[Start of section]

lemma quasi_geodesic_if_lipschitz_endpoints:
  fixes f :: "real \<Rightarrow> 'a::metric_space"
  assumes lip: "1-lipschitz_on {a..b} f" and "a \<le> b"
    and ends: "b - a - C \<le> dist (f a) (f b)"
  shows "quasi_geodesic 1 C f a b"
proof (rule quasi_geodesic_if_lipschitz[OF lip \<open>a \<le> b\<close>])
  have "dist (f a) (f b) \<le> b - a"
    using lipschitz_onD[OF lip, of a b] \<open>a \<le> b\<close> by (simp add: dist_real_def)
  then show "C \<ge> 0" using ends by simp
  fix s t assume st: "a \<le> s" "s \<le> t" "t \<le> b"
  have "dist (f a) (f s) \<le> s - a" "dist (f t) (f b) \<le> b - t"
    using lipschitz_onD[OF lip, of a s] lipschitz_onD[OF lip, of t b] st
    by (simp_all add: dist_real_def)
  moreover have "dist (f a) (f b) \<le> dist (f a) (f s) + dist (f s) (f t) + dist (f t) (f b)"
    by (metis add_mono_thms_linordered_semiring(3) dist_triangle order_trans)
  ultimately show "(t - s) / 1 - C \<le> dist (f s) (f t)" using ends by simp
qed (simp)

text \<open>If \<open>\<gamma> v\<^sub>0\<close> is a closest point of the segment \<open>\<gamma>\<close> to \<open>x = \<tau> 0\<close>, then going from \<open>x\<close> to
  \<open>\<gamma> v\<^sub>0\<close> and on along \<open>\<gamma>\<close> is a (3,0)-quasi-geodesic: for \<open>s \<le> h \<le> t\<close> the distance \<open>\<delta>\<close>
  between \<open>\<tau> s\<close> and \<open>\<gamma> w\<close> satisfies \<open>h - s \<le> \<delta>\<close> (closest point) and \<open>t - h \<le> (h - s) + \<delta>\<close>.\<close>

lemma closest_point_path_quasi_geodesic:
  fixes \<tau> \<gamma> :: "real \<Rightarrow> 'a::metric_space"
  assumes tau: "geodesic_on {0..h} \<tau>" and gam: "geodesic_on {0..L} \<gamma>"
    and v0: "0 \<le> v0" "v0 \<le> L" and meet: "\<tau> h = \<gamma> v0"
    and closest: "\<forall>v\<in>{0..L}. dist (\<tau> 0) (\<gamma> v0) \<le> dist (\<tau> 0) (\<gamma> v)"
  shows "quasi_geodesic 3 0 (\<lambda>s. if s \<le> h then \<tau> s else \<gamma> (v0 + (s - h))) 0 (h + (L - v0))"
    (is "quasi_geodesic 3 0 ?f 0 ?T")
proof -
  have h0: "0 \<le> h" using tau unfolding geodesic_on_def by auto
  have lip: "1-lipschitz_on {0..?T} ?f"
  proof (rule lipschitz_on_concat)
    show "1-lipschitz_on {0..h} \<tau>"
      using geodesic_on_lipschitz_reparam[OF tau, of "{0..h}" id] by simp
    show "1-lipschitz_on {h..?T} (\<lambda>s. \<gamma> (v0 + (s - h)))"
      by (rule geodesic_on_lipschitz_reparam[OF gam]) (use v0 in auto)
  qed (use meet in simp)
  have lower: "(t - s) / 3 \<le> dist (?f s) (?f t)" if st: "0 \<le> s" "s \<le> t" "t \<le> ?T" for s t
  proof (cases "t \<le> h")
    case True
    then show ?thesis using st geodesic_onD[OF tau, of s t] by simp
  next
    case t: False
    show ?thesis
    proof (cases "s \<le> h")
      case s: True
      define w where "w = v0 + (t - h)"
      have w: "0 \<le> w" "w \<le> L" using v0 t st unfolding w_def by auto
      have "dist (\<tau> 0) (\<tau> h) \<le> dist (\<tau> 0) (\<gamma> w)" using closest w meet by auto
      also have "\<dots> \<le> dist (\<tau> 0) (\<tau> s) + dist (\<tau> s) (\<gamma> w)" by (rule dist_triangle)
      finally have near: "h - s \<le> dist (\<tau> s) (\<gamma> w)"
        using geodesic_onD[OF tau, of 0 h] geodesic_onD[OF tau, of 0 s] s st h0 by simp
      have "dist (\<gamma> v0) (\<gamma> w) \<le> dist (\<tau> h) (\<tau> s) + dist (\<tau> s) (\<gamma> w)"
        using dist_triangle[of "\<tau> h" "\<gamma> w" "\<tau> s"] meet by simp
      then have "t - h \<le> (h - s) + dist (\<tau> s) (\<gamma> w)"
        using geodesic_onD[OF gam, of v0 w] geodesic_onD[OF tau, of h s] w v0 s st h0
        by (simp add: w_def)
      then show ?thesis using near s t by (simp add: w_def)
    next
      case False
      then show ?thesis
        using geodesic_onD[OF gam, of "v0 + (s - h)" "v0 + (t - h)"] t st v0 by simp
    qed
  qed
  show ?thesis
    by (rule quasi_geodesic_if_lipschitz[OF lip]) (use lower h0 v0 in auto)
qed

[End of section]

** WHAT IS REQUIRED **
Nothing outside this range should appear: the lines from the start of the listing through the line with "by (simp_all add: dist_real_def)", each reproduced exactly, both ends included.

** OUTPUT OF THE EXERCISE **
lemma quasi_geodesic_if_lipschitz_endpoints:
  fixes f :: "real \<Rightarrow> 'a::metric_space"
  assumes lip: "1-lipschitz_on {a..b} f" and "a \<le> b"
    and ends: "b - a - C \<le> dist (f a) (f b)"
  shows "quasi_geodesic 1 C f a b"
proof (rule quasi_geodesic_if_lipschitz[OF lip \<open>a \<le> b\<close>])
  have "dist (f a) (f b) \<le> b - a"
    using lipschitz_onD[OF lip, of a b] \<open>a \<le> b\<close> by (simp add: dist_real_def)
  then show "C \<ge> 0" using ends by simp
  fix s t assume st: "a \<le> s" "s \<le> t" "t \<le> b"
  have "dist (f a) (f s) \<le> s - a" "dist (f t) (f b) \<le> b - t"
    using lipschitz_onD[OF lip, of a s] lipschitz_onD[OF lip, of t b] st
    by (simp_all add: dist_real_def)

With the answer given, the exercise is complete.